Provided data ->
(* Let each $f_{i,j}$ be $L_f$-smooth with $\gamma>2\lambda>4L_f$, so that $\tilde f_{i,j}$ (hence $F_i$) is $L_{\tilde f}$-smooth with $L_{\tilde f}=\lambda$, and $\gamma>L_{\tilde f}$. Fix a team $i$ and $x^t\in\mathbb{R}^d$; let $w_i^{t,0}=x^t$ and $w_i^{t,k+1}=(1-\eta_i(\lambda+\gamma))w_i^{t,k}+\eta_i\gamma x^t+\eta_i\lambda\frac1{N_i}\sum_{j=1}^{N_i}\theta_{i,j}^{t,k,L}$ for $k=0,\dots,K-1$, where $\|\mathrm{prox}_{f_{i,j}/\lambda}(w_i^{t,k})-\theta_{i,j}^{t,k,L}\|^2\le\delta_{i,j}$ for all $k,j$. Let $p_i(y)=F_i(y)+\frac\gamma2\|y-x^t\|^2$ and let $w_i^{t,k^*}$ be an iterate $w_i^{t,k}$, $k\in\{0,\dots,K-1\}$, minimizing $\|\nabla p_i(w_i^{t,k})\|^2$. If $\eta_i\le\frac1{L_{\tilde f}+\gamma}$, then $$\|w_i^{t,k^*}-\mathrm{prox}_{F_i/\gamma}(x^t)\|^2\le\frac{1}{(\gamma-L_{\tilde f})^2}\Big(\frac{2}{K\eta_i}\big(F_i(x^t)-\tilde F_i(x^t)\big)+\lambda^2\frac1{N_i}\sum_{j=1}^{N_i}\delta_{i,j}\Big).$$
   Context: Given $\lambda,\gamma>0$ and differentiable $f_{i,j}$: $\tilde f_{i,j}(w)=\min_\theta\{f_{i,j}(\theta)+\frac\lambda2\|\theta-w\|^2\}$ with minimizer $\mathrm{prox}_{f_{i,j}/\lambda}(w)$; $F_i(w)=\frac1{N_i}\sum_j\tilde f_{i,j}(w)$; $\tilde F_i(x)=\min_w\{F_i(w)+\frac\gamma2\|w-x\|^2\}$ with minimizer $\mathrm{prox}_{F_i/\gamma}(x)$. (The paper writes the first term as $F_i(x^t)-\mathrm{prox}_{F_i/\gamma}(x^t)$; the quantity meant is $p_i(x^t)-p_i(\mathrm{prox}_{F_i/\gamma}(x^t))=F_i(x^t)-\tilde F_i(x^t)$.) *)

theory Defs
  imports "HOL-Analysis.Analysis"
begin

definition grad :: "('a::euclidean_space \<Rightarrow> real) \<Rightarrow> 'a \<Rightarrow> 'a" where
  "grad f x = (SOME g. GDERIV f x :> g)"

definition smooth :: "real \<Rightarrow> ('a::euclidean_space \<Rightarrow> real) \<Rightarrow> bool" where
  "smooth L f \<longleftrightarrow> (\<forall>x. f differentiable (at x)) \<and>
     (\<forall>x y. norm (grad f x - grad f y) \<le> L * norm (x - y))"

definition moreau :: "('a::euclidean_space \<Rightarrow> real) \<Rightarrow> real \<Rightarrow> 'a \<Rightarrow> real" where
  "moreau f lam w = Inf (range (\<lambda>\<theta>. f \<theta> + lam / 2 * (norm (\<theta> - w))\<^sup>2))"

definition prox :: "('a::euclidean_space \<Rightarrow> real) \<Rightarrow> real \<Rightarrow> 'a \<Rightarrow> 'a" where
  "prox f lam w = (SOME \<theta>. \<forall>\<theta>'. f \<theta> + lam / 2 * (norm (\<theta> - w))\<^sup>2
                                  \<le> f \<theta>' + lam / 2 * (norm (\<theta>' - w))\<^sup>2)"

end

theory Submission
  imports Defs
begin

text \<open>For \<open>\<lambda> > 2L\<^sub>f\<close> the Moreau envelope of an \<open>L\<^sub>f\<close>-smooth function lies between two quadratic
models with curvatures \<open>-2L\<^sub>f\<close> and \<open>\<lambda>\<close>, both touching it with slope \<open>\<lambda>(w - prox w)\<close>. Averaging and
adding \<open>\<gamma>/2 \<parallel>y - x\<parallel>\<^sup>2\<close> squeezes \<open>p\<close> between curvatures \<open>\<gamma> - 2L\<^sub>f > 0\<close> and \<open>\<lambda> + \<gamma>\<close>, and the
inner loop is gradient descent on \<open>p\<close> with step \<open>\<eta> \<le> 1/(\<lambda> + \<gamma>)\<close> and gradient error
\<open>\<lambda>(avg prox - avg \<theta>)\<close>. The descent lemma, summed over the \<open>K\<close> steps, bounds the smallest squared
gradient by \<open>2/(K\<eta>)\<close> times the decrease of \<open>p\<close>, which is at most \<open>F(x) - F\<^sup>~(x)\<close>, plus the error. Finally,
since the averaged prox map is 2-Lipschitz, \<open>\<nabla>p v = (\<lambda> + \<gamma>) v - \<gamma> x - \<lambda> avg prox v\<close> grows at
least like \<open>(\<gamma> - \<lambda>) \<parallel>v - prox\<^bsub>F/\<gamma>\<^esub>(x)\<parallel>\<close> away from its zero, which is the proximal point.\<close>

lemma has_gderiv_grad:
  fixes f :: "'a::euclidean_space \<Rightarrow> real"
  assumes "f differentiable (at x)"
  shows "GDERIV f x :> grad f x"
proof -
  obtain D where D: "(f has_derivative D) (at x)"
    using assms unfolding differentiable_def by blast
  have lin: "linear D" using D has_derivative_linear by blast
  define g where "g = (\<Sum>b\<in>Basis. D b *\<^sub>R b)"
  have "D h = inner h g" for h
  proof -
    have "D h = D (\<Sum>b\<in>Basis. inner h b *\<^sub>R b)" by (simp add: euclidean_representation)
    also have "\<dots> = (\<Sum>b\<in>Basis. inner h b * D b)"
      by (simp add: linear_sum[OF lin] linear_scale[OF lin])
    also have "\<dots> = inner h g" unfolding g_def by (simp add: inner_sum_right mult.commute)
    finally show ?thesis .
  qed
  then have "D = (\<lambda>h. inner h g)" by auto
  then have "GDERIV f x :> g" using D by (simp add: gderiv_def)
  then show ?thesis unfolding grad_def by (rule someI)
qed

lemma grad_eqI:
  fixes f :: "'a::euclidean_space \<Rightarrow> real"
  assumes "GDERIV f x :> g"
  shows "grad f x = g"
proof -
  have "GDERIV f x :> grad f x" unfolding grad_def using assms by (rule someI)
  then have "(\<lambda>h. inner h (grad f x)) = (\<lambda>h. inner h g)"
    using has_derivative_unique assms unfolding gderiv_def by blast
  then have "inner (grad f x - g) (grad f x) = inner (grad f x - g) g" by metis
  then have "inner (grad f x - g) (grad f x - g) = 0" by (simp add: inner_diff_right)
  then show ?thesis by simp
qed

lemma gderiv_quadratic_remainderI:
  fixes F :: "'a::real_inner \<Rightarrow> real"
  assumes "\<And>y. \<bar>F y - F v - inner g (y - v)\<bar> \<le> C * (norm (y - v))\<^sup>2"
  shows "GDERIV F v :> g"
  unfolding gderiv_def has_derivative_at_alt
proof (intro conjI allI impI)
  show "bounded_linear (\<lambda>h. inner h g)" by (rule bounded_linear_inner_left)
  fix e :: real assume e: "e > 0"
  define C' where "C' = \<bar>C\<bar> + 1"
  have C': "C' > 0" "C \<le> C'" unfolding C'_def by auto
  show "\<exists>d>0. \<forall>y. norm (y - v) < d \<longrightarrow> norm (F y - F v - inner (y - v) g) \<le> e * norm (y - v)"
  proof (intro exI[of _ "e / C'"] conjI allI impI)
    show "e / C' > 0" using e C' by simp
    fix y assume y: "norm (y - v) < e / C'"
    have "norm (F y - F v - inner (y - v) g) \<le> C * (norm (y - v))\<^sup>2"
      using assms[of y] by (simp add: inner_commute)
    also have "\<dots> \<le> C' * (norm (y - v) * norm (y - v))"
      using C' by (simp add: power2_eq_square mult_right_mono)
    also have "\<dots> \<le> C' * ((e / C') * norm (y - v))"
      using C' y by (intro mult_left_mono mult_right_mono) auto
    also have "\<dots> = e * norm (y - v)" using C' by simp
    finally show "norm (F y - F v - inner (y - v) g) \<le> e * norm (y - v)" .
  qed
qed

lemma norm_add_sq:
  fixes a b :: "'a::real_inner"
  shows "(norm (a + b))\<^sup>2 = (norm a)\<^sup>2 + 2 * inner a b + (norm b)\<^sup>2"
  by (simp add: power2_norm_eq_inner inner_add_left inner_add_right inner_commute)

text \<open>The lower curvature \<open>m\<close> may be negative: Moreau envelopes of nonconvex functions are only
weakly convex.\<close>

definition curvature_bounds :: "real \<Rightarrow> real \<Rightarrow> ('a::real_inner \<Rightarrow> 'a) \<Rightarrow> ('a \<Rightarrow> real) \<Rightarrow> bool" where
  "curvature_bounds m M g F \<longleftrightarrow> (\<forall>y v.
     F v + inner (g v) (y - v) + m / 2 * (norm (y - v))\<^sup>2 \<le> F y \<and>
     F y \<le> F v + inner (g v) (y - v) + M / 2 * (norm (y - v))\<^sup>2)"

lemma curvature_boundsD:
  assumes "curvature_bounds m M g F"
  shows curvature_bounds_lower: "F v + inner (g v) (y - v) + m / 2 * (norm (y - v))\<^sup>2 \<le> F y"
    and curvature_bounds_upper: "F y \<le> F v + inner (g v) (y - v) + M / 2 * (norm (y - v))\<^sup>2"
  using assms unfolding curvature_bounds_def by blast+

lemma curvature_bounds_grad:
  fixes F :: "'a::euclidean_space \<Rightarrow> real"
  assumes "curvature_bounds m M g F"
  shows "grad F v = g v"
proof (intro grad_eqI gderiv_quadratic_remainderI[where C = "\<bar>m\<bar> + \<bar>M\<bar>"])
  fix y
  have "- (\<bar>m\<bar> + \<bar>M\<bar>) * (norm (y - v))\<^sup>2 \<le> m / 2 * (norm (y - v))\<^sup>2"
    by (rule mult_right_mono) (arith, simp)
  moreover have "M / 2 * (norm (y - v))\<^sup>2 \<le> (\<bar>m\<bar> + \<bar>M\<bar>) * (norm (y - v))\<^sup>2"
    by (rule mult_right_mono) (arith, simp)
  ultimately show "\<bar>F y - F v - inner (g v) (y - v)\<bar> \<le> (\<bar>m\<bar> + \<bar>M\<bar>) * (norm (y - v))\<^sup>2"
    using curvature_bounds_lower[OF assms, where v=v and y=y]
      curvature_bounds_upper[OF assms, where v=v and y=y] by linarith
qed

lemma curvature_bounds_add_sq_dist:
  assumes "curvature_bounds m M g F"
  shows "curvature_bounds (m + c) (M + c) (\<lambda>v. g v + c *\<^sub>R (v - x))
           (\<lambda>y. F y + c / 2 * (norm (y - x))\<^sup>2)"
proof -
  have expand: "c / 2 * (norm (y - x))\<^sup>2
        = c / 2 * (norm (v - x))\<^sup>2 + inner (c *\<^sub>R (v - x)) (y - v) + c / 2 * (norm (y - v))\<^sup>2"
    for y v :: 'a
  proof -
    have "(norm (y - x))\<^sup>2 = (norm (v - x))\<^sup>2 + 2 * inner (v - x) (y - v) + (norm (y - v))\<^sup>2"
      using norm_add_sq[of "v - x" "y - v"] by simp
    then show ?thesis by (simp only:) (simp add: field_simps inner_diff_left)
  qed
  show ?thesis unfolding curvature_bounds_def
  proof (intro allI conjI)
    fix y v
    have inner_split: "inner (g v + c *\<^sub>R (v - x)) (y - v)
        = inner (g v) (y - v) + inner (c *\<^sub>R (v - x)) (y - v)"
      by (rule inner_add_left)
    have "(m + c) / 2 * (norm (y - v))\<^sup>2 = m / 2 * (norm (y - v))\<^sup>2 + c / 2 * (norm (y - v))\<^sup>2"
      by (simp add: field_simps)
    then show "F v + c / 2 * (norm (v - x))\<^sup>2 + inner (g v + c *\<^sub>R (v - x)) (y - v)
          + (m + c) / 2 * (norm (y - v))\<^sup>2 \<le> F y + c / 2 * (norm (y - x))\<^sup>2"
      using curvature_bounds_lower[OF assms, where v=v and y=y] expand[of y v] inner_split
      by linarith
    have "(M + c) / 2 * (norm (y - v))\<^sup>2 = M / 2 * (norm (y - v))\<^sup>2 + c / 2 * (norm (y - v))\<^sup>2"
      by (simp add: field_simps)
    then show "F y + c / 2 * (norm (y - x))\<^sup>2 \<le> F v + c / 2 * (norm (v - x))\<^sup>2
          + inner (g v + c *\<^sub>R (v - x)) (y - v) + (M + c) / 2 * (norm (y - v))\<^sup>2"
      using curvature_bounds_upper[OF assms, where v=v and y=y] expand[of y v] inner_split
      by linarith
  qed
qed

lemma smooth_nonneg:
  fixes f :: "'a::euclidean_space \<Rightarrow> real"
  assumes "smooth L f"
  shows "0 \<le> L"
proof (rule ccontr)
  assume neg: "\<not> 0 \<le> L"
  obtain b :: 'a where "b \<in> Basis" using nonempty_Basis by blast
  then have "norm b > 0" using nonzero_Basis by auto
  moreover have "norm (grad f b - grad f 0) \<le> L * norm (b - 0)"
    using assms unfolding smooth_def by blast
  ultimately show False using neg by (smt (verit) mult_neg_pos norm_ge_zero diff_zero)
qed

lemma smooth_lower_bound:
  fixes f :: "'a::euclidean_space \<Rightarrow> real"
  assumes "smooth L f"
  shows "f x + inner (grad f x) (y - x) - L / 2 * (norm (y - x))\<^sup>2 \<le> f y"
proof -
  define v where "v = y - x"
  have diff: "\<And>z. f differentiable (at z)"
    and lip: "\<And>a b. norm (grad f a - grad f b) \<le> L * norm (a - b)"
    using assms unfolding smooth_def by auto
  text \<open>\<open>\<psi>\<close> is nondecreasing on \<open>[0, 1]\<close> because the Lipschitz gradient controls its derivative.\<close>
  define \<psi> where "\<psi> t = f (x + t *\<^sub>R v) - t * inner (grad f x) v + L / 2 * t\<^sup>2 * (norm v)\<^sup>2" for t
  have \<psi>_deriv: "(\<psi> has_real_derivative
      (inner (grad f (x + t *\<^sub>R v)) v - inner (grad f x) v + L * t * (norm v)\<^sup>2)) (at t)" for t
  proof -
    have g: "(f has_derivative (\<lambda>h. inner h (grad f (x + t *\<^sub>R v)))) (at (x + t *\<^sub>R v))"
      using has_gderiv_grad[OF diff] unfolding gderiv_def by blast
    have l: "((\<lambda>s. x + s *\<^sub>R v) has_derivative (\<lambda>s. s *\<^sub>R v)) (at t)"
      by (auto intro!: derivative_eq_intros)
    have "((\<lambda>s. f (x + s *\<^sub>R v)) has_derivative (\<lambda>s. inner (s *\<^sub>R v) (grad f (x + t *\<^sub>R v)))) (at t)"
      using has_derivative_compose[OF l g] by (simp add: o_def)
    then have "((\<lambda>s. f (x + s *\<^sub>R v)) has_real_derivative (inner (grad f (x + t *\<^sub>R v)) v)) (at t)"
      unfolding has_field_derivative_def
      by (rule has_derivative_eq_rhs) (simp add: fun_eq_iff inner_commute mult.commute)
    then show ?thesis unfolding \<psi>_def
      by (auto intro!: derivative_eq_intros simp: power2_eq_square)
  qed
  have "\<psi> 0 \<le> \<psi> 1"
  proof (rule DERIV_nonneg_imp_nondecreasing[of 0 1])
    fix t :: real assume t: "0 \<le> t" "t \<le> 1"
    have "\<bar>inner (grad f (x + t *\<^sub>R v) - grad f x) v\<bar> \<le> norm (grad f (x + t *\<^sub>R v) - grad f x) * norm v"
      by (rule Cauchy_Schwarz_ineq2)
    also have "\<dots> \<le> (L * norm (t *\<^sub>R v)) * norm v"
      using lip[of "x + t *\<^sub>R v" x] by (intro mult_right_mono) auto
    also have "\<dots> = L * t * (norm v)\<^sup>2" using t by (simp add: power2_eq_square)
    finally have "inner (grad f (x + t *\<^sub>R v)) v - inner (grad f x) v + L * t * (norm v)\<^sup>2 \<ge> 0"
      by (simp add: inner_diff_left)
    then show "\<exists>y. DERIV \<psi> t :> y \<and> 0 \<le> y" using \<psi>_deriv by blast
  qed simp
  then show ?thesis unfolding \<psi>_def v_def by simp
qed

Work item -> Find "v))\<^sup>2 \<le> F y +" in the entries above and copy that whole line exactly, then each line after it through the line that contains "using has_gderiv_grad[OF diff]".

Answer to this problem ->
          + (m + c) / 2 * (norm (y - v))\<^sup>2 \<le> F y + c / 2 * (norm (y - x))\<^sup>2"
      using curvature_bounds_lower[OF assms, where v=v and y=y] expand[of y v] inner_split
      by linarith
    have "(M + c) / 2 * (norm (y - v))\<^sup>2 = M / 2 * (norm (y - v))\<^sup>2 + c / 2 * (norm (y - v))\<^sup>2"
      by (simp add: field_simps)
    then show "F y + c / 2 * (norm (y - x))\<^sup>2 \<le> F v + c / 2 * (norm (v - x))\<^sup>2
          + inner (g v + c *\<^sub>R (v - x)) (y - v) + (M + c) / 2 * (norm (y - v))\<^sup>2"
      using curvature_bounds_upper[OF assms, where v=v and y=y] expand[of y v] inner_split
      by linarith
  qed
qed

lemma smooth_nonneg:
  fixes f :: "'a::euclidean_space \<Rightarrow> real"
  assumes "smooth L f"
  shows "0 \<le> L"
proof (rule ccontr)
  assume neg: "\<not> 0 \<le> L"
  obtain b :: 'a where "b \<in> Basis" using nonempty_Basis by blast
  then have "norm b > 0" using nonzero_Basis by auto
  moreover have "norm (grad f b - grad f 0) \<le> L * norm (b - 0)"
    using assms unfolding smooth_def by blast
  ultimately show False using neg by (smt (verit) mult_neg_pos norm_ge_zero diff_zero)
qed

lemma smooth_lower_bound:
  fixes f :: "'a::euclidean_space \<Rightarrow> real"
  assumes "smooth L f"
  shows "f x + inner (grad f x) (y - x) - L / 2 * (norm (y - x))\<^sup>2 \<le> f y"
proof -
  define v where "v = y - x"
  have diff: "\<And>z. f differentiable (at z)"
    and lip: "\<And>a b. norm (grad f a - grad f b) \<le> L * norm (a - b)"
    using assms unfolding smooth_def by auto
  text \<open>\<open>\<psi>\<close> is nondecreasing on \<open>[0, 1]\<close> because the Lipschitz gradient controls its derivative.\<close>
  define \<psi> where "\<psi> t = f (x + t *\<^sub>R v) - t * inner (grad f x) v + L / 2 * t\<^sup>2 * (norm v)\<^sup>2" for t
  have \<psi>_deriv: "(\<psi> has_real_derivative
      (inner (grad f (x + t *\<^sub>R v)) v - inner (grad f x) v + L * t * (norm v)\<^sup>2)) (at t)" for t
  proof -
    have g: "(f has_derivative (\<lambda>h. inner h (grad f (x + t *\<^sub>R v)))) (at (x + t *\<^sub>R v))"
      using has_gderiv_grad[OF diff] unfolding gderiv_def by blast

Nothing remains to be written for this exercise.